(DATA PROVIDED begins)

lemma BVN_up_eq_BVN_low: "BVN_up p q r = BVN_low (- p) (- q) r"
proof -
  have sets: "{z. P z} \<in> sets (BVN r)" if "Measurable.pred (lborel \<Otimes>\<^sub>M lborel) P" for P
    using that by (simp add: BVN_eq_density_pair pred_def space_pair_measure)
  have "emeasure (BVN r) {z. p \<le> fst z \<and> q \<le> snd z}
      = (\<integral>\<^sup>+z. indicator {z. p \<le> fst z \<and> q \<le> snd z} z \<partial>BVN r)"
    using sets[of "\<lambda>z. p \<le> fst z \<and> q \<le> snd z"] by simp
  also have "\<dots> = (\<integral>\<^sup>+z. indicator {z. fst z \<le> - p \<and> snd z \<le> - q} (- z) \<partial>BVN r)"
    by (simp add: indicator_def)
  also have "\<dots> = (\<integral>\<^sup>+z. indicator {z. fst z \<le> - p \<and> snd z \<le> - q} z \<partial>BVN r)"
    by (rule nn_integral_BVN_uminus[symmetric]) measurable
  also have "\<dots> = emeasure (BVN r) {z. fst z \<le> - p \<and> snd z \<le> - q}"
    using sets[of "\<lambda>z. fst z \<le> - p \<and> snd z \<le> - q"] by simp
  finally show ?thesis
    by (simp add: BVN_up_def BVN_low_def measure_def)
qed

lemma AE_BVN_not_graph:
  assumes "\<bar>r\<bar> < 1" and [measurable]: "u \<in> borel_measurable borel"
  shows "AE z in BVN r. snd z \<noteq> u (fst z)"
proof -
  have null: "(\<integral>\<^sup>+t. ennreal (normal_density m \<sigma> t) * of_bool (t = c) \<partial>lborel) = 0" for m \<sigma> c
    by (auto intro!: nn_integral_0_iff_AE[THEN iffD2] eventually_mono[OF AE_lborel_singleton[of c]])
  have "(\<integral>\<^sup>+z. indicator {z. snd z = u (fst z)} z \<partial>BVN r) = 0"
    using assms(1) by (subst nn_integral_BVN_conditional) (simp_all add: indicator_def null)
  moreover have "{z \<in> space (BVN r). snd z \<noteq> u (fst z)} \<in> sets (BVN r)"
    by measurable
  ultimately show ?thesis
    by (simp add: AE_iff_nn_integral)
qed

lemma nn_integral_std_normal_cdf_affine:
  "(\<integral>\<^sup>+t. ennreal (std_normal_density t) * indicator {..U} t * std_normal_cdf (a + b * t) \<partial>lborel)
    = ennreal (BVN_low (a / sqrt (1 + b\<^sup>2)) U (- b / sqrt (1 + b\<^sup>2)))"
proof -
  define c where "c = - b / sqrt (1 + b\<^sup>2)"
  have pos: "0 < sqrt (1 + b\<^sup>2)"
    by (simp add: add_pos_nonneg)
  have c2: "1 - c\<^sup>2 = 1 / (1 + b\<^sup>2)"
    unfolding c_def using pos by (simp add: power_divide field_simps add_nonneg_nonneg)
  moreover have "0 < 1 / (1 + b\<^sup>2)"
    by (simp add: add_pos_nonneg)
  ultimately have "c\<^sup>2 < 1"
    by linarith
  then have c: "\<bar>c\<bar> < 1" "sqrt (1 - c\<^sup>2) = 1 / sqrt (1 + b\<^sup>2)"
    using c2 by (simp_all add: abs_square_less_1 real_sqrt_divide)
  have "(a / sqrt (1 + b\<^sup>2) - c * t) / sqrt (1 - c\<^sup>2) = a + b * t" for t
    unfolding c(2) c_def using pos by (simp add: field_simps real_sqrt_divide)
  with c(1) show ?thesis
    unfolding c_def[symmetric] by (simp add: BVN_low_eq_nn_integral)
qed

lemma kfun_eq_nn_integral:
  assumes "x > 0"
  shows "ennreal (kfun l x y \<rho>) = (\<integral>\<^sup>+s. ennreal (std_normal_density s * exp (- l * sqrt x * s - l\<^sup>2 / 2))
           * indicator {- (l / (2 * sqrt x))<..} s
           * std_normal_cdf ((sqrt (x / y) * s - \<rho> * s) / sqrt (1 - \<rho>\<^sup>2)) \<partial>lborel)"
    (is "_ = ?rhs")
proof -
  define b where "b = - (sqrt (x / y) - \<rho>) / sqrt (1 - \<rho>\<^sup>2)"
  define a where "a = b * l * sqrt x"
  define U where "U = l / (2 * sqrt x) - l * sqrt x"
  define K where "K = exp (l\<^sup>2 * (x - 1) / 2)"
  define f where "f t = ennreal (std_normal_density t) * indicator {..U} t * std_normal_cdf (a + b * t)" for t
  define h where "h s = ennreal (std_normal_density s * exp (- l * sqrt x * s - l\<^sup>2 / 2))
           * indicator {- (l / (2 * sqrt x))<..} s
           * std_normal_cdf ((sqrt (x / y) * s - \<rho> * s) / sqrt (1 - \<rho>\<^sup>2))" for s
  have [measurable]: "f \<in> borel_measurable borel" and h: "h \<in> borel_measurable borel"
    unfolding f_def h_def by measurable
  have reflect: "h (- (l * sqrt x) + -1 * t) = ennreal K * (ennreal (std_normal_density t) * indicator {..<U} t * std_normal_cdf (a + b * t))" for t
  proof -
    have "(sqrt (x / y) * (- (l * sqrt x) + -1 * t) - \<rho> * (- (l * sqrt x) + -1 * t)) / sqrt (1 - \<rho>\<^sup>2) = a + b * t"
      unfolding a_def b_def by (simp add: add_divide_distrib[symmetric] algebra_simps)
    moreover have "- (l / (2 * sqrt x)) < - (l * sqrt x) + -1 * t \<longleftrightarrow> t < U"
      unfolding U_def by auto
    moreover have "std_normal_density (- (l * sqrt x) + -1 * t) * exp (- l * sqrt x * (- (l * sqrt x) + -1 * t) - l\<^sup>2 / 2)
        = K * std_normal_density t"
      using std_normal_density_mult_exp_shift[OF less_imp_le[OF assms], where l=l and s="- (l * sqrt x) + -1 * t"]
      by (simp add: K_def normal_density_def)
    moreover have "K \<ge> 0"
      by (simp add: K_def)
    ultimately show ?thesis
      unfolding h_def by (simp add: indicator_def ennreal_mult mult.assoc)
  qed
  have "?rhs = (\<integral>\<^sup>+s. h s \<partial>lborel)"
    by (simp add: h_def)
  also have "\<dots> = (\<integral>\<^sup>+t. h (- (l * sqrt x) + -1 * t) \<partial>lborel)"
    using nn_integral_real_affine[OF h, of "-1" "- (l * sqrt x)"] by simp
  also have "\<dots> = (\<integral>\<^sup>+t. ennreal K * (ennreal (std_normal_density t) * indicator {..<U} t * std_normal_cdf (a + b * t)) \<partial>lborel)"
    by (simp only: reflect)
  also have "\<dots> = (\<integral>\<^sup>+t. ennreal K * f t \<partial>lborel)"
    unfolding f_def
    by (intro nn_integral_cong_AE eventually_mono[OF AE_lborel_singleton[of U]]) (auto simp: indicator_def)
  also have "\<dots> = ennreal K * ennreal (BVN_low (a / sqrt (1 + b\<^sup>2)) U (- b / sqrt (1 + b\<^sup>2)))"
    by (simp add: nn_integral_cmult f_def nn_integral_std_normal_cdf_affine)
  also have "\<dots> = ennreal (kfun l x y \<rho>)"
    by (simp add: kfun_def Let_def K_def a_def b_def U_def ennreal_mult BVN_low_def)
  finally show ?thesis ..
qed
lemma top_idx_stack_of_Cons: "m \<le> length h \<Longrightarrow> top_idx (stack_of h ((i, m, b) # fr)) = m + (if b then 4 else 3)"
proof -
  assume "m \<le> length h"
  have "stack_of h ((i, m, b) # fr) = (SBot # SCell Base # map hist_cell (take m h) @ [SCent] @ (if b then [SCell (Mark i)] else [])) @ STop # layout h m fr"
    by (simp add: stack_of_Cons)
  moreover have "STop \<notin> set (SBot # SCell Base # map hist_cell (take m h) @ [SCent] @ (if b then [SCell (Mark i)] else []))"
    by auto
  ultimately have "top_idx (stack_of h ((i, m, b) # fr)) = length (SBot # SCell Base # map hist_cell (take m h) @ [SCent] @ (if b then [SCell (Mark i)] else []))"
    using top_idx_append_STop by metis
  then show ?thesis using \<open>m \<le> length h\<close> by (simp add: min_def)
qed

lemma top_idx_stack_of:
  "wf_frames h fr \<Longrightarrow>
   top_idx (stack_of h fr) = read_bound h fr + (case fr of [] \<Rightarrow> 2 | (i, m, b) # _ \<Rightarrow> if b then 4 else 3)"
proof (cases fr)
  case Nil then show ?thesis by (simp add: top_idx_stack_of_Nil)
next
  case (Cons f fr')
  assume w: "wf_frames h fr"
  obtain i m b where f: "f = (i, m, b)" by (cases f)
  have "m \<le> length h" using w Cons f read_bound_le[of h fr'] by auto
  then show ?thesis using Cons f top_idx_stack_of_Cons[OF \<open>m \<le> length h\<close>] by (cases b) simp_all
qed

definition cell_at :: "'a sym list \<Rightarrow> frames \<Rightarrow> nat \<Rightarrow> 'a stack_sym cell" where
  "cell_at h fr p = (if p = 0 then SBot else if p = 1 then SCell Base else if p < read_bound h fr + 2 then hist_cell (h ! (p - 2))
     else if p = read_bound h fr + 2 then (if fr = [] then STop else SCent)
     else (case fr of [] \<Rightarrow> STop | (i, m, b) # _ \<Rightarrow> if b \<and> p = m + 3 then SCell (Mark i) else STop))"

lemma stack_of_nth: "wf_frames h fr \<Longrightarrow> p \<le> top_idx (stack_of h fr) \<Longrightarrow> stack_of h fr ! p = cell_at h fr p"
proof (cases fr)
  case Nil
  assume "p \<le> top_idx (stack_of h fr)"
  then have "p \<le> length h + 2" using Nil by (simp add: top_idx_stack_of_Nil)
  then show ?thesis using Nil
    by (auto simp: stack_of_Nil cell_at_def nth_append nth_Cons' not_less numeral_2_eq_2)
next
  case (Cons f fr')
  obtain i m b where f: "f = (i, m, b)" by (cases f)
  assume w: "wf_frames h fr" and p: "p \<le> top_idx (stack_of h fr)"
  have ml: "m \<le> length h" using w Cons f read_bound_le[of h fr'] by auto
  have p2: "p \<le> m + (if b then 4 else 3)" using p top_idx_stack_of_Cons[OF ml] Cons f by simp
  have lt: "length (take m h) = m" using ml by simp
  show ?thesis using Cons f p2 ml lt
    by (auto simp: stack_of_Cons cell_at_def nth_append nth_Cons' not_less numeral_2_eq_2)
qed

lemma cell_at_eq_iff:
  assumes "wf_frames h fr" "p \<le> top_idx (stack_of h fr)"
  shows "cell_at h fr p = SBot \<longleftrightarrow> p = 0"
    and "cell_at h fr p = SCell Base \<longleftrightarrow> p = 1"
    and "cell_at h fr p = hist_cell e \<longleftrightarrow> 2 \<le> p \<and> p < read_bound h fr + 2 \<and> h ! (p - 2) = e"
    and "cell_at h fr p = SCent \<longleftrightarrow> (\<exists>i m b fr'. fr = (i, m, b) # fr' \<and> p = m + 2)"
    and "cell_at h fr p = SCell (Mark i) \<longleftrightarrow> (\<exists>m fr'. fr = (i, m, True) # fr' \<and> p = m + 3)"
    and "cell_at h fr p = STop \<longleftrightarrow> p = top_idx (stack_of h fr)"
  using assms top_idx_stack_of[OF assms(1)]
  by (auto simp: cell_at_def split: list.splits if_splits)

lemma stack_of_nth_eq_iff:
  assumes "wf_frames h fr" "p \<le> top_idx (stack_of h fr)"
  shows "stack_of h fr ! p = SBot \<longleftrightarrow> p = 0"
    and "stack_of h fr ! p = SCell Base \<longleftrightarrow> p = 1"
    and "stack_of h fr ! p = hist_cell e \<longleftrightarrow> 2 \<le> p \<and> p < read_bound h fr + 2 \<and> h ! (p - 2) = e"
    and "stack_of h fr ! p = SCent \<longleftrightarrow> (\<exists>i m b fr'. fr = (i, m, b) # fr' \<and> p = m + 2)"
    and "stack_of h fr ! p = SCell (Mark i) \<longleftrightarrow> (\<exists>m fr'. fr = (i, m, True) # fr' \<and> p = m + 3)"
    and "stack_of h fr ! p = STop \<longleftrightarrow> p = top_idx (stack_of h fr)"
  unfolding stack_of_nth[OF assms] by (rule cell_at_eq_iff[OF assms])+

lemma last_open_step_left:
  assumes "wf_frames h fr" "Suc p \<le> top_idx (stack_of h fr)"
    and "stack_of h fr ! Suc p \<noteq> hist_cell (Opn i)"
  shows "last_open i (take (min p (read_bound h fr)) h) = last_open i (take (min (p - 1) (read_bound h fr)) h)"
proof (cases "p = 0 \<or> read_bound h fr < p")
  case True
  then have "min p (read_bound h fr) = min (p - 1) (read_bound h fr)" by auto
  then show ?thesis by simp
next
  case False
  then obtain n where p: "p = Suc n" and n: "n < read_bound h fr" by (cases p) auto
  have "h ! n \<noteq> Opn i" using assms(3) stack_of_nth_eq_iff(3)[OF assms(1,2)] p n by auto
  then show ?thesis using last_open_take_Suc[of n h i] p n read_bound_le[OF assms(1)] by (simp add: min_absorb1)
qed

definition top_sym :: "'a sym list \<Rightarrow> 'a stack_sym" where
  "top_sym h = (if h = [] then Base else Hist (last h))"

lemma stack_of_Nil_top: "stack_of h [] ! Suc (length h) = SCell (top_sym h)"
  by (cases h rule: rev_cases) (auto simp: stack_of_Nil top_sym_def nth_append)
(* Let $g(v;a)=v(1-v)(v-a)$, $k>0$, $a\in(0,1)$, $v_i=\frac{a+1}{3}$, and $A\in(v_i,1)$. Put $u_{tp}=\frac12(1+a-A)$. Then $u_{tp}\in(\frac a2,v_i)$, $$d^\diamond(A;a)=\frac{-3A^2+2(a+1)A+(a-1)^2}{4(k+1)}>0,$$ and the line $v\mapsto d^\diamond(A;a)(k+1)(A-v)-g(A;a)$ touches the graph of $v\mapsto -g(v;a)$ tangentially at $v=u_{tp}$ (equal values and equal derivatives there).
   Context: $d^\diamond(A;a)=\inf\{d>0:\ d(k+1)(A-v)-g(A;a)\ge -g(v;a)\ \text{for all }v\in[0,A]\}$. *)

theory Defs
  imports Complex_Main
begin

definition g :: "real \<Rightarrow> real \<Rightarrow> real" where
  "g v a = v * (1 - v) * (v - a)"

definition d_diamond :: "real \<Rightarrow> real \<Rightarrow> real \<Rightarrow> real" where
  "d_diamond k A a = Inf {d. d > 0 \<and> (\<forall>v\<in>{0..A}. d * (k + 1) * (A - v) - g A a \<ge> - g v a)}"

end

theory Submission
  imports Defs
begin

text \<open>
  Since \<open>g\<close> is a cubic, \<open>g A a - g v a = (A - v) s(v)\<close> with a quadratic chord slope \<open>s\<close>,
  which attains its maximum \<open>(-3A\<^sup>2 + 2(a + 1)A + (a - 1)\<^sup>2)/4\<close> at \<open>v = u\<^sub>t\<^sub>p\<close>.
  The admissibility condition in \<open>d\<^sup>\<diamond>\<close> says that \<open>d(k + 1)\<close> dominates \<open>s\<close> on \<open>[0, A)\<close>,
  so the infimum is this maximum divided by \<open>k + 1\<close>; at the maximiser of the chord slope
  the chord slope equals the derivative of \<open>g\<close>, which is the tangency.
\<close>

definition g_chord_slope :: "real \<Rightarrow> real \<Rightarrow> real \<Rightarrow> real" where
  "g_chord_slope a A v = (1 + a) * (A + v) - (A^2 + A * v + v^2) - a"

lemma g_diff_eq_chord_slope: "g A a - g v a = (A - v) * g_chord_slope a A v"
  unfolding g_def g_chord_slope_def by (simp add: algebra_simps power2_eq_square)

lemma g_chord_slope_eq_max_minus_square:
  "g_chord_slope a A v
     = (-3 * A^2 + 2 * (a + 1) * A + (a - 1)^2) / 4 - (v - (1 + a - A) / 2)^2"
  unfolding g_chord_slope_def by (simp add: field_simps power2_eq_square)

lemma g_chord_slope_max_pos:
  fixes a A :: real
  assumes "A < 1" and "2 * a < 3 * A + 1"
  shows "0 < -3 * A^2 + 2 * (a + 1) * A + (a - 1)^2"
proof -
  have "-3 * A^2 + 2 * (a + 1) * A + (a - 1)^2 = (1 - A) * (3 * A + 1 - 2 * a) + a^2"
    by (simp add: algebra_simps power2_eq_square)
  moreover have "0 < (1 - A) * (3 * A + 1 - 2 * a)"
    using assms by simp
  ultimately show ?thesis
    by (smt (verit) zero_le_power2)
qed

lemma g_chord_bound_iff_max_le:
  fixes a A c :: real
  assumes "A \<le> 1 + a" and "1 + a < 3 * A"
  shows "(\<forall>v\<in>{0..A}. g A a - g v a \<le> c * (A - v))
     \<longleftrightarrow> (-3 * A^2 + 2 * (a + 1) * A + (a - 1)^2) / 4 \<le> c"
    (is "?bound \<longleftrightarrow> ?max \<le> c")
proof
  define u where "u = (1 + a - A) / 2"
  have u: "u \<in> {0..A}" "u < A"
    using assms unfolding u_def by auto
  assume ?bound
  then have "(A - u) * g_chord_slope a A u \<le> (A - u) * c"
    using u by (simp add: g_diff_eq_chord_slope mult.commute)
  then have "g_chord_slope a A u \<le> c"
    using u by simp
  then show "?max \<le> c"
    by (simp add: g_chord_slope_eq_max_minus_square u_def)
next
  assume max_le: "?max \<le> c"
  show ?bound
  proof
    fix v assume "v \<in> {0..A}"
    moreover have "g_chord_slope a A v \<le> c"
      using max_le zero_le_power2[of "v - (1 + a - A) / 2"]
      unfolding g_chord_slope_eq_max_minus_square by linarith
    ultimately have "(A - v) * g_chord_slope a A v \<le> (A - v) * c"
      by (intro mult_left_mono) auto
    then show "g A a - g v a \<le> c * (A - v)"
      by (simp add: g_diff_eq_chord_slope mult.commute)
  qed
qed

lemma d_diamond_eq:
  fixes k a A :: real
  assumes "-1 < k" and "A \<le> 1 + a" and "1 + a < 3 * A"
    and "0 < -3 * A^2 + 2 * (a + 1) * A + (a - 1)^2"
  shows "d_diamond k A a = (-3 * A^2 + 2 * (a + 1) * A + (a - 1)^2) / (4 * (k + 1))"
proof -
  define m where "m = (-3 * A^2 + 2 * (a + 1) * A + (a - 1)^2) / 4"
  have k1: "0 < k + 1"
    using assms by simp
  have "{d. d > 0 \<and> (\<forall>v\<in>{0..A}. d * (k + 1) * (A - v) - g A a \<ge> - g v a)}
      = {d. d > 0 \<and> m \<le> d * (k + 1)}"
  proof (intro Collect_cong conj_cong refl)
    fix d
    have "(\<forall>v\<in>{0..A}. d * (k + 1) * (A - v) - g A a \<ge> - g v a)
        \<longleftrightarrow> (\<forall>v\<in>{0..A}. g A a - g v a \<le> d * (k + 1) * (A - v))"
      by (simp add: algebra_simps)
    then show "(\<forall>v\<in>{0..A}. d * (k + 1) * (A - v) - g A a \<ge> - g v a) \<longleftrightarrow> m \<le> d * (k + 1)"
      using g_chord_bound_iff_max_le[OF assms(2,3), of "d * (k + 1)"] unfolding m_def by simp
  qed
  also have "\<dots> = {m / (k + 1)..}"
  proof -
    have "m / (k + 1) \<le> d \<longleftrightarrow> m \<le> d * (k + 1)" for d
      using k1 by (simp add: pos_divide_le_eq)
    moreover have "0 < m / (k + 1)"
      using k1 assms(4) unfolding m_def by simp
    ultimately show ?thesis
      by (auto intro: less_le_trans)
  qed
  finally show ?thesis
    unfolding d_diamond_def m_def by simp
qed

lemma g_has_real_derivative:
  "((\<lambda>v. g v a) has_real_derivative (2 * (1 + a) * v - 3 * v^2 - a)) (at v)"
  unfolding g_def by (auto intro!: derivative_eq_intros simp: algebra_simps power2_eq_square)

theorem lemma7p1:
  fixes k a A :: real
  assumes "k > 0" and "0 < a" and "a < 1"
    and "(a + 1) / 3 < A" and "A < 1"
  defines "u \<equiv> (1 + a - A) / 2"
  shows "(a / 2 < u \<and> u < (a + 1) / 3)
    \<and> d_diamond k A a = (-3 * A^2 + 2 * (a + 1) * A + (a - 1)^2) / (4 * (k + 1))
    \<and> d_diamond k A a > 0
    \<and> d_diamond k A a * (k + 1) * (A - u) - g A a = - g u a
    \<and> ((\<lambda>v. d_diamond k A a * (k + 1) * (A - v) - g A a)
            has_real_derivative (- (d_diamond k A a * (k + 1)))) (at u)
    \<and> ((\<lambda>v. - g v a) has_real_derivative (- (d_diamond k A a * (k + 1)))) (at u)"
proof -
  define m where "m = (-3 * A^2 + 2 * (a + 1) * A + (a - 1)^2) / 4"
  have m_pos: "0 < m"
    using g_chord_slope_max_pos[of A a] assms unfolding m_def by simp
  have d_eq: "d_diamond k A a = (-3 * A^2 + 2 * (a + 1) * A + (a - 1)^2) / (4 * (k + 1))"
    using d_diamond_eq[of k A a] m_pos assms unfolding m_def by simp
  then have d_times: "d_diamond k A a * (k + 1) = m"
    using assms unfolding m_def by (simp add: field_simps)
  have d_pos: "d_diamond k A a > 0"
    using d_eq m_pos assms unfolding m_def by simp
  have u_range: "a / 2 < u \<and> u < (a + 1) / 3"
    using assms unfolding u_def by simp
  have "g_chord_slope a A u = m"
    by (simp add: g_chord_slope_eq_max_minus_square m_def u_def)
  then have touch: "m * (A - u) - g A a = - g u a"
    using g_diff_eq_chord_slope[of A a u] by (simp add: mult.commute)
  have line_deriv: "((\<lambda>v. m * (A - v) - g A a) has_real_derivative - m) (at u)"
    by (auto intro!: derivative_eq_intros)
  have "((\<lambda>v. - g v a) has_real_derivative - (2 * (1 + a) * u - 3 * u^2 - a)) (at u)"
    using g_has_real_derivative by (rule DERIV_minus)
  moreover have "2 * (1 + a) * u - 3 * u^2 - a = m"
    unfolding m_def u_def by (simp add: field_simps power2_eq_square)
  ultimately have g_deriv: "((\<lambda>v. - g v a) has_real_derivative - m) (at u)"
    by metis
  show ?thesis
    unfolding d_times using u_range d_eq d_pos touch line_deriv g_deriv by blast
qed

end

(DATA PROVIDED ends)

### TASK PROMPT
Lines are to be repeated exactly from the one that contains "using g_diff_eq_chord_slope[of A" through the last line of the listing, with both ends kept and no others added.

### OUTPUT BELOW
    using g_diff_eq_chord_slope[of A a u] by (simp add: mult.commute)
  have line_deriv: "((\<lambda>v. m * (A - v) - g A a) has_real_derivative - m) (at u)"
    by (auto intro!: derivative_eq_intros)
  have "((\<lambda>v. - g v a) has_real_derivative - (2 * (1 + a) * u - 3 * u^2 - a)) (at u)"
    using g_has_real_derivative by (rule DERIV_minus)
  moreover have "2 * (1 + a) * u - 3 * u^2 - a = m"
    unfolding m_def u_def by (simp add: field_simps power2_eq_square)
  ultimately have g_deriv: "((\<lambda>v. - g v a) has_real_derivative - m) (at u)"
    by metis
  show ?thesis
    unfolding d_times using u_range d_eq d_pos touch line_deriv g_deriv by blast
qed

end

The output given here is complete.